List each line of the data in which the string "nondegenerate" appears.

____

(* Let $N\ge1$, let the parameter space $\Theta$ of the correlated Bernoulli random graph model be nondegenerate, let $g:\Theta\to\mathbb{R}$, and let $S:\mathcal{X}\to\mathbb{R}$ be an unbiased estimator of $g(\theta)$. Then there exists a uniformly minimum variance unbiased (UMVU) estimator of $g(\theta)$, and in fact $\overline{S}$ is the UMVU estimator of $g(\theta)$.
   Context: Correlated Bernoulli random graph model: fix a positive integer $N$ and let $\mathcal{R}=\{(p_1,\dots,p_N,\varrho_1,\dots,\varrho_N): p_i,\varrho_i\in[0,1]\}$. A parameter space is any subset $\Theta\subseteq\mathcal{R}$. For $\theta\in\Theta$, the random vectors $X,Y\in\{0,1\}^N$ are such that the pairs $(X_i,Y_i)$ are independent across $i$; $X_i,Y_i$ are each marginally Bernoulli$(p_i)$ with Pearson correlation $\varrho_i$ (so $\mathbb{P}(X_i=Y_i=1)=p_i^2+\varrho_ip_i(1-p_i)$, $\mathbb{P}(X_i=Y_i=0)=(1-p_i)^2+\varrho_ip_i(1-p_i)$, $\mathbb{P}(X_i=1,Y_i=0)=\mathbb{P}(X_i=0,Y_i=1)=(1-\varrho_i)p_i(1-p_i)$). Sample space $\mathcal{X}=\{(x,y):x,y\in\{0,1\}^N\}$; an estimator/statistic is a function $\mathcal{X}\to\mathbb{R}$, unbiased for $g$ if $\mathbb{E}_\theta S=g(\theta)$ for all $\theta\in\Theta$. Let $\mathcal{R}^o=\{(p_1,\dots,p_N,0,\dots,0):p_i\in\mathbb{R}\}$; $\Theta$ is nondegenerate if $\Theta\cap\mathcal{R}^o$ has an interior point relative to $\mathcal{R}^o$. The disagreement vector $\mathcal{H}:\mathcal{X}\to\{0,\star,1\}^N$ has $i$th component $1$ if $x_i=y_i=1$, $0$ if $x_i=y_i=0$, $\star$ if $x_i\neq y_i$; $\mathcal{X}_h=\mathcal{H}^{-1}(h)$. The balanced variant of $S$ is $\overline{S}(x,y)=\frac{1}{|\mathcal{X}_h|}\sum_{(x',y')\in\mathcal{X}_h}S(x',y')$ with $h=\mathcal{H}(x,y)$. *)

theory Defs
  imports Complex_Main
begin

____

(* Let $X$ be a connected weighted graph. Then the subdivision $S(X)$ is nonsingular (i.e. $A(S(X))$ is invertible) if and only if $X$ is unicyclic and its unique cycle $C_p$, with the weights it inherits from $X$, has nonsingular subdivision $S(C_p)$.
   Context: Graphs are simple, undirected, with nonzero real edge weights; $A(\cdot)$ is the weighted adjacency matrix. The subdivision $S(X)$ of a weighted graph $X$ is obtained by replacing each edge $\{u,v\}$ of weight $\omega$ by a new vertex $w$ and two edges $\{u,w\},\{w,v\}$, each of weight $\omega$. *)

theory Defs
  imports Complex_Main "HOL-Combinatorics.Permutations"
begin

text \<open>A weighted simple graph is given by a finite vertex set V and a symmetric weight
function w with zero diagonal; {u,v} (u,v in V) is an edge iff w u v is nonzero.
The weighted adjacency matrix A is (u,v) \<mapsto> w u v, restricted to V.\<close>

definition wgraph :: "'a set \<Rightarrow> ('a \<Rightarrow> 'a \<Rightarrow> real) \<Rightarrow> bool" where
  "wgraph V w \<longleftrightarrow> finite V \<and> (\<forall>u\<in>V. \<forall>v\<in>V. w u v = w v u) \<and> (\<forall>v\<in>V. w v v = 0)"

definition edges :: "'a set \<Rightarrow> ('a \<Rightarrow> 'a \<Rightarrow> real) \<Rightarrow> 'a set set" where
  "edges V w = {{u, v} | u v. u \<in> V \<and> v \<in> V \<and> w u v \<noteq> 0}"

____

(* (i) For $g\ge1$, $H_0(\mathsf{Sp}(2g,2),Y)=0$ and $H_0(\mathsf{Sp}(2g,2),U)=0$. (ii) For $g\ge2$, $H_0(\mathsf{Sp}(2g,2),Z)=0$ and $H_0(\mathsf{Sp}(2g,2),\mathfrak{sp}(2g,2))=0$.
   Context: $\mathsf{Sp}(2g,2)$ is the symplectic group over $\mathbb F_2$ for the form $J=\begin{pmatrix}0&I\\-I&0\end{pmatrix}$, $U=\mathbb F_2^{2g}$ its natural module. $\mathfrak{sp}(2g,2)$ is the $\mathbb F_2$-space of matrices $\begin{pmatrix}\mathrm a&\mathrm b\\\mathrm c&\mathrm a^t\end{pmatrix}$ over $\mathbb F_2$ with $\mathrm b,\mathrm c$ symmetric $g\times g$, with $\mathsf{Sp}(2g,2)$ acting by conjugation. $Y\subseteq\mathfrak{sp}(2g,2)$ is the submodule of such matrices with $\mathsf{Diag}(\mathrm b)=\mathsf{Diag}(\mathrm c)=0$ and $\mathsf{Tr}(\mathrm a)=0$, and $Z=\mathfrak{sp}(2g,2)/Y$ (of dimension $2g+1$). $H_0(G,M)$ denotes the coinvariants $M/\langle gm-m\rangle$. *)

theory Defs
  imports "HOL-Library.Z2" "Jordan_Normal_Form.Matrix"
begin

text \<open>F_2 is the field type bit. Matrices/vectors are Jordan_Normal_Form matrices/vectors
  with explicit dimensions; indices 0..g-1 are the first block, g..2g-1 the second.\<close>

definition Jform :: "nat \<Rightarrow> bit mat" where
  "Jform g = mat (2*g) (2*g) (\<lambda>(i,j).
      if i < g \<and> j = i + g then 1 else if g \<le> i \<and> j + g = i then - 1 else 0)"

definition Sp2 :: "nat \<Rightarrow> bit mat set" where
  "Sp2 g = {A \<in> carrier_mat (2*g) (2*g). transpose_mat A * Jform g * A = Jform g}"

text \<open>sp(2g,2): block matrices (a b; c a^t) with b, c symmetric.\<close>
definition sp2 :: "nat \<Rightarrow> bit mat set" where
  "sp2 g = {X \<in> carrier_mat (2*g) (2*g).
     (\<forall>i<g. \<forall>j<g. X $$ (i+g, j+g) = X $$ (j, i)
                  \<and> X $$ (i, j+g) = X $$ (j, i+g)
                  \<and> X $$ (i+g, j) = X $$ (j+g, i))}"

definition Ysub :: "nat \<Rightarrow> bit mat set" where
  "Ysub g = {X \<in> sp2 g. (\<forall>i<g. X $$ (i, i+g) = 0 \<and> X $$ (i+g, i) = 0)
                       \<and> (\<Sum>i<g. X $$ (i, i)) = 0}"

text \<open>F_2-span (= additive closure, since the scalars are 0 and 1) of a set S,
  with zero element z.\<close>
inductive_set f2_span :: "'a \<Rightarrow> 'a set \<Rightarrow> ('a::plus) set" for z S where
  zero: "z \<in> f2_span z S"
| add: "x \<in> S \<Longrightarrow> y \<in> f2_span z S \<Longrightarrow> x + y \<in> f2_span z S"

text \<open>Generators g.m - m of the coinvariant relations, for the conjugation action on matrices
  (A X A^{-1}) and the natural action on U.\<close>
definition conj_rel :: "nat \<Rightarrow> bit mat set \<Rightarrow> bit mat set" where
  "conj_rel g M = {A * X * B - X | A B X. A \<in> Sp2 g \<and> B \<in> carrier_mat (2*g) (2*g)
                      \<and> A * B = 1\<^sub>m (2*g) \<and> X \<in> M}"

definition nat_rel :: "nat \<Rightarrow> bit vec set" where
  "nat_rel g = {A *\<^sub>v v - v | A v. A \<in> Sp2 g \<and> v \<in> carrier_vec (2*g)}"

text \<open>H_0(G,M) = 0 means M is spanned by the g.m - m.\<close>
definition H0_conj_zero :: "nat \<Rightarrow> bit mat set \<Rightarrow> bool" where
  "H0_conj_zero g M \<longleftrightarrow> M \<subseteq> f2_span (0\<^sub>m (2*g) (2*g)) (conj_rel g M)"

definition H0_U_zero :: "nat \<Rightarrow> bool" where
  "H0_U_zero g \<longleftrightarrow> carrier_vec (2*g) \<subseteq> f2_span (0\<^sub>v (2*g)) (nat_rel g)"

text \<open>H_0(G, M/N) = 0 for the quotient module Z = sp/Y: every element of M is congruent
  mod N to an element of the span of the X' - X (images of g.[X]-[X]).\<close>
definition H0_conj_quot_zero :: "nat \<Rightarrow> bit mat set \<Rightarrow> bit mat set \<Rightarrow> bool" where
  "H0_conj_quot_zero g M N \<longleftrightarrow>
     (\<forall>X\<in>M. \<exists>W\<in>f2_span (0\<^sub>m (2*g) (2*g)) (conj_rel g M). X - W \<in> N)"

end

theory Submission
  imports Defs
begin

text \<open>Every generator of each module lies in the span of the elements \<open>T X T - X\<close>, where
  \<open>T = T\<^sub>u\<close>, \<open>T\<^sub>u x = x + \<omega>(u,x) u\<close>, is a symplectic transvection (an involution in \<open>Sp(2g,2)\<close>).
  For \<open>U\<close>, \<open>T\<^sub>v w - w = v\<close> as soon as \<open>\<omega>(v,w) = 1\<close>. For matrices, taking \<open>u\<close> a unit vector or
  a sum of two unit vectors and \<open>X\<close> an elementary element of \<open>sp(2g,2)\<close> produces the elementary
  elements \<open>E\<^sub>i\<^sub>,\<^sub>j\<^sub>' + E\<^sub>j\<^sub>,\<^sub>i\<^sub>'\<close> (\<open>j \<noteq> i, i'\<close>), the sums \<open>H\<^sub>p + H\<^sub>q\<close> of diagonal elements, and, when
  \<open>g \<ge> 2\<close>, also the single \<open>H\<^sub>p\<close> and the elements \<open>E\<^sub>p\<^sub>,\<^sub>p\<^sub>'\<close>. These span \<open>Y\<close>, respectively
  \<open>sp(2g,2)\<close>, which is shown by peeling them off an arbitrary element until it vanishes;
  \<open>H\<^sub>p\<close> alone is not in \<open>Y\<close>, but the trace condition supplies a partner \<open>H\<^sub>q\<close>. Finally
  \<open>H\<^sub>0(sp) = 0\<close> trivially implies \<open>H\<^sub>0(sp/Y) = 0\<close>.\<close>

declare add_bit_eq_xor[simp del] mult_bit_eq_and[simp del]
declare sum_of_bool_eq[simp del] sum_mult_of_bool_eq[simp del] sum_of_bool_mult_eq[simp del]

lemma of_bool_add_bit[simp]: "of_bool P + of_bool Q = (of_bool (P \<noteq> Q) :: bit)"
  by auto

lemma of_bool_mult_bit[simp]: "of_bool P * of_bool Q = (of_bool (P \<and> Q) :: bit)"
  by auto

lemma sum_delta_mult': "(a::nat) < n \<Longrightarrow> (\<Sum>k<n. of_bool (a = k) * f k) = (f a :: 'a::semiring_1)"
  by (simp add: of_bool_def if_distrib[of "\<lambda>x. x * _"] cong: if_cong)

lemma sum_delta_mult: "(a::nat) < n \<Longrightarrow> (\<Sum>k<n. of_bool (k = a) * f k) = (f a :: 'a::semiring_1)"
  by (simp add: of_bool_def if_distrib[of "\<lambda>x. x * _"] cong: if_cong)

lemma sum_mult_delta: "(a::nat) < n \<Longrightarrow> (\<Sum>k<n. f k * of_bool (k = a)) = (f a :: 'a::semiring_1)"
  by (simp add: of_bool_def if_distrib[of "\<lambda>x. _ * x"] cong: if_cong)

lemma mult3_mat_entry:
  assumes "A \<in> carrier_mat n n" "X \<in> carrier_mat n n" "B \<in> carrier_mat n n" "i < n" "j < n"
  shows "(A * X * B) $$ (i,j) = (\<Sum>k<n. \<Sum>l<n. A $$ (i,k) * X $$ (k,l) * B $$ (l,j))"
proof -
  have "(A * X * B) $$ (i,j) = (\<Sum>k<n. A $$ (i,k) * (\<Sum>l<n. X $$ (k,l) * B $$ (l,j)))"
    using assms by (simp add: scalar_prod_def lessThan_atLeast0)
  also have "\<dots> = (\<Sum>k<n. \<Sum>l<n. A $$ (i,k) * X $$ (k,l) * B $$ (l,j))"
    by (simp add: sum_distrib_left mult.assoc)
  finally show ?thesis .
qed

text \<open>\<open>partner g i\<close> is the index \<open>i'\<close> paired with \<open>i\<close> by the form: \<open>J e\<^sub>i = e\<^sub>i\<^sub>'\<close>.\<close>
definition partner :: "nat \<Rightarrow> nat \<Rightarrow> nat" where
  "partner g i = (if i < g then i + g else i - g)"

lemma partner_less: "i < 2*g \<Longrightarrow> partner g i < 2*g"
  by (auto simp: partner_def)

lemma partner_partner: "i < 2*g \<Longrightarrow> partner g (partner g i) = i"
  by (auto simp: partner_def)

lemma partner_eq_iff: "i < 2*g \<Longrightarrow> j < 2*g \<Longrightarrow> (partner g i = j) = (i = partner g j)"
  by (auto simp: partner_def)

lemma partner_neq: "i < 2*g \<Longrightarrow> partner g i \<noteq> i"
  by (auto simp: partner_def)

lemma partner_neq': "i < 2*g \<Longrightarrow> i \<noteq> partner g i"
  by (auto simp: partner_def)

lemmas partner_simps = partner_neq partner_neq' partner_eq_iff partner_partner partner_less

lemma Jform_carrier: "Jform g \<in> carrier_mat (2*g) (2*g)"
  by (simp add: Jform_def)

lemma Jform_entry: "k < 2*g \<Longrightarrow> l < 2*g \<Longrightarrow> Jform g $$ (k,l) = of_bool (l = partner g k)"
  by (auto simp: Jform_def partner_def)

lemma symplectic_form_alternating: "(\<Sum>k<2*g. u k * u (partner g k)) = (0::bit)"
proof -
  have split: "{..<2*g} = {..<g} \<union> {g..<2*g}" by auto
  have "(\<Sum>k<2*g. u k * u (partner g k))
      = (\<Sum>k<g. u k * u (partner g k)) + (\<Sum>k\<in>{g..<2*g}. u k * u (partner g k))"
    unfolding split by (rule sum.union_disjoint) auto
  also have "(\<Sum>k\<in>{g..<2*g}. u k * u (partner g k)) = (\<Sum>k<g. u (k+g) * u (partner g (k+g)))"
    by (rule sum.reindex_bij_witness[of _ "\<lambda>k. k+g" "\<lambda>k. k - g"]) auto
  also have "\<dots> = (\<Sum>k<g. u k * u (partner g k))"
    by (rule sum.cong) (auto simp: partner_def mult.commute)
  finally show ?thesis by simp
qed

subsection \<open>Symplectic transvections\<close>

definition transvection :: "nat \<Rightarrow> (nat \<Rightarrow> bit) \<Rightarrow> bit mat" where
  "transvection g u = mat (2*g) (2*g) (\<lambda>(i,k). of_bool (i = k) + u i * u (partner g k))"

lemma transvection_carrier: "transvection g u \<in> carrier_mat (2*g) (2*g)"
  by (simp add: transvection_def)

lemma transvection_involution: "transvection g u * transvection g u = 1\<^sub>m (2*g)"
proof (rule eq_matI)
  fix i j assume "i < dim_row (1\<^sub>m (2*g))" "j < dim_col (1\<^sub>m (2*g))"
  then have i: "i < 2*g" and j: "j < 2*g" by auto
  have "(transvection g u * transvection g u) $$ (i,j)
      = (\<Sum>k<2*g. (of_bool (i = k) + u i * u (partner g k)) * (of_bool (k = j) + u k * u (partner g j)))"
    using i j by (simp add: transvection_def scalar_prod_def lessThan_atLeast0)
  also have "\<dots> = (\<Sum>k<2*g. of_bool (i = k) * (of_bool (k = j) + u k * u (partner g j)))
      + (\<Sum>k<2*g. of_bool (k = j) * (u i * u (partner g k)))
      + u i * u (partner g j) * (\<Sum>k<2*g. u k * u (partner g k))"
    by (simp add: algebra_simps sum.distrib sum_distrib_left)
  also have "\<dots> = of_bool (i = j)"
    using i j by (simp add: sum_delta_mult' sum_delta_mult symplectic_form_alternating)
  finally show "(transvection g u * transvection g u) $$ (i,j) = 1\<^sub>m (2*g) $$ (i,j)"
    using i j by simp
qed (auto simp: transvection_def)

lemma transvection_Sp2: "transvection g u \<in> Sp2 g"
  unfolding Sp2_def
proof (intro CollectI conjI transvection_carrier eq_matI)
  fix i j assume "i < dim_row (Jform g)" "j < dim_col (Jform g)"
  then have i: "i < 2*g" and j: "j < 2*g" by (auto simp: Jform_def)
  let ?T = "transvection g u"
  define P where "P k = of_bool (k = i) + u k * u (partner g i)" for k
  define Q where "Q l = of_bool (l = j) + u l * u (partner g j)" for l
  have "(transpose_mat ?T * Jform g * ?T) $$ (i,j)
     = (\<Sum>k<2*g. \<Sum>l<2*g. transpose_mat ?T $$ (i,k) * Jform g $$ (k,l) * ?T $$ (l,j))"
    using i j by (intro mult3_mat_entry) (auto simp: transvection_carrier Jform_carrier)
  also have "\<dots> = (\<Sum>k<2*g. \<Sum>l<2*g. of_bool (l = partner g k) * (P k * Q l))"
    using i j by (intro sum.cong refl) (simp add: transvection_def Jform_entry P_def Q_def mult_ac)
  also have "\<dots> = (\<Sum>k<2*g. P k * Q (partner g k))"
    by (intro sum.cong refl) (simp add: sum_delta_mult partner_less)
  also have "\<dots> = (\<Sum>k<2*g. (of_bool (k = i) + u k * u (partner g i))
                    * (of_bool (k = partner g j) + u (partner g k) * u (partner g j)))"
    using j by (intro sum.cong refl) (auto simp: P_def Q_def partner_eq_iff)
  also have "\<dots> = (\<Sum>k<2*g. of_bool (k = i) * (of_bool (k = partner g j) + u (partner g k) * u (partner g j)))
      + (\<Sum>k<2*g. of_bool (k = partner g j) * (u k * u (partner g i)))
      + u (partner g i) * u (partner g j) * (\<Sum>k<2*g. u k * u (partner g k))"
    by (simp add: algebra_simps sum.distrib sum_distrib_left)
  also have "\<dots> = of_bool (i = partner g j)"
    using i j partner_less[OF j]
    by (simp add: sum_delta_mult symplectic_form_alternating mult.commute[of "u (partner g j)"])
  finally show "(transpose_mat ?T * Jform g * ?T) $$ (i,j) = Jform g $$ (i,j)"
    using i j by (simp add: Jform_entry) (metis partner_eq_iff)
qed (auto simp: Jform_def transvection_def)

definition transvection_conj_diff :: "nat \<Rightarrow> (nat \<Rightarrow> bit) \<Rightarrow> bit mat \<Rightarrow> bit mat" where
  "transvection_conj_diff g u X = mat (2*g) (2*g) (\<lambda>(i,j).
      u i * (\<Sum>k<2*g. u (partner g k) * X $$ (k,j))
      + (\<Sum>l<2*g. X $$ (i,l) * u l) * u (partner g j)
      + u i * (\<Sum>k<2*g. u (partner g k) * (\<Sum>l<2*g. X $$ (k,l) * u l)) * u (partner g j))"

____

REPLY TO THE EXERCISE:
(* Let $N\ge1$, let the parameter space $\Theta$ of the correlated Bernoulli random graph model be nondegenerate, let $g:\Theta\to\mathbb{R}$, and let $S:\mathcal{X}\to\mathbb{R}$ be an unbiased estimator of $g(\theta)$. Then there exists a uniformly minimum variance unbiased (UMVU) estimator of $g(\theta)$, and in fact $\overline{S}$ is the UMVU estimator of $g(\theta)$.
   Context: Correlated Bernoulli random graph model: fix a positive integer $N$ and let $\mathcal{R}=\{(p_1,\dots,p_N,\varrho_1,\dots,\varrho_N): p_i,\varrho_i\in[0,1]\}$. A parameter space is any subset $\Theta\subseteq\mathcal{R}$. For $\theta\in\Theta$, the random vectors $X,Y\in\{0,1\}^N$ are such that the pairs $(X_i,Y_i)$ are independent across $i$; $X_i,Y_i$ are each marginally Bernoulli$(p_i)$ with Pearson correlation $\varrho_i$ (so $\mathbb{P}(X_i=Y_i=1)=p_i^2+\varrho_ip_i(1-p_i)$, $\mathbb{P}(X_i=Y_i=0)=(1-p_i)^2+\varrho_ip_i(1-p_i)$, $\mathbb{P}(X_i=1,Y_i=0)=\mathbb{P}(X_i=0,Y_i=1)=(1-\varrho_i)p_i(1-p_i)$). Sample space $\mathcal{X}=\{(x,y):x,y\in\{0,1\}^N\}$; an estimator/statistic is a function $\mathcal{X}\to\mathbb{R}$, unbiased for $g$ if $\mathbb{E}_\theta S=g(\theta)$ for all $\theta\in\Theta$. Let $\mathcal{R}^o=\{(p_1,\dots,p_N,0,\dots,0):p_i\in\mathbb{R}\}$; $\Theta$ is nondegenerate if $\Theta\cap\mathcal{R}^o$ has an interior point relative to $\mathcal{R}^o$. The disagreement vector $\mathcal{H}:\mathcal{X}\to\{0,\star,1\}^N$ has $i$th component $1$ if $x_i=y_i=1$, $0$ if $x_i=y_i=0$, $\star$ if $x_i\neq y_i$; $\mathcal{X}_h=\mathcal{H}^{-1}(h)$. The balanced variant of $S$ is $\overline{S}(x,y)=\frac{1}{|\mathcal{X}_h|}\sum_{(x',y')\in\mathcal{X}_h}S(x',y')$ with $h=\mathcal{H}(x,y)$. *)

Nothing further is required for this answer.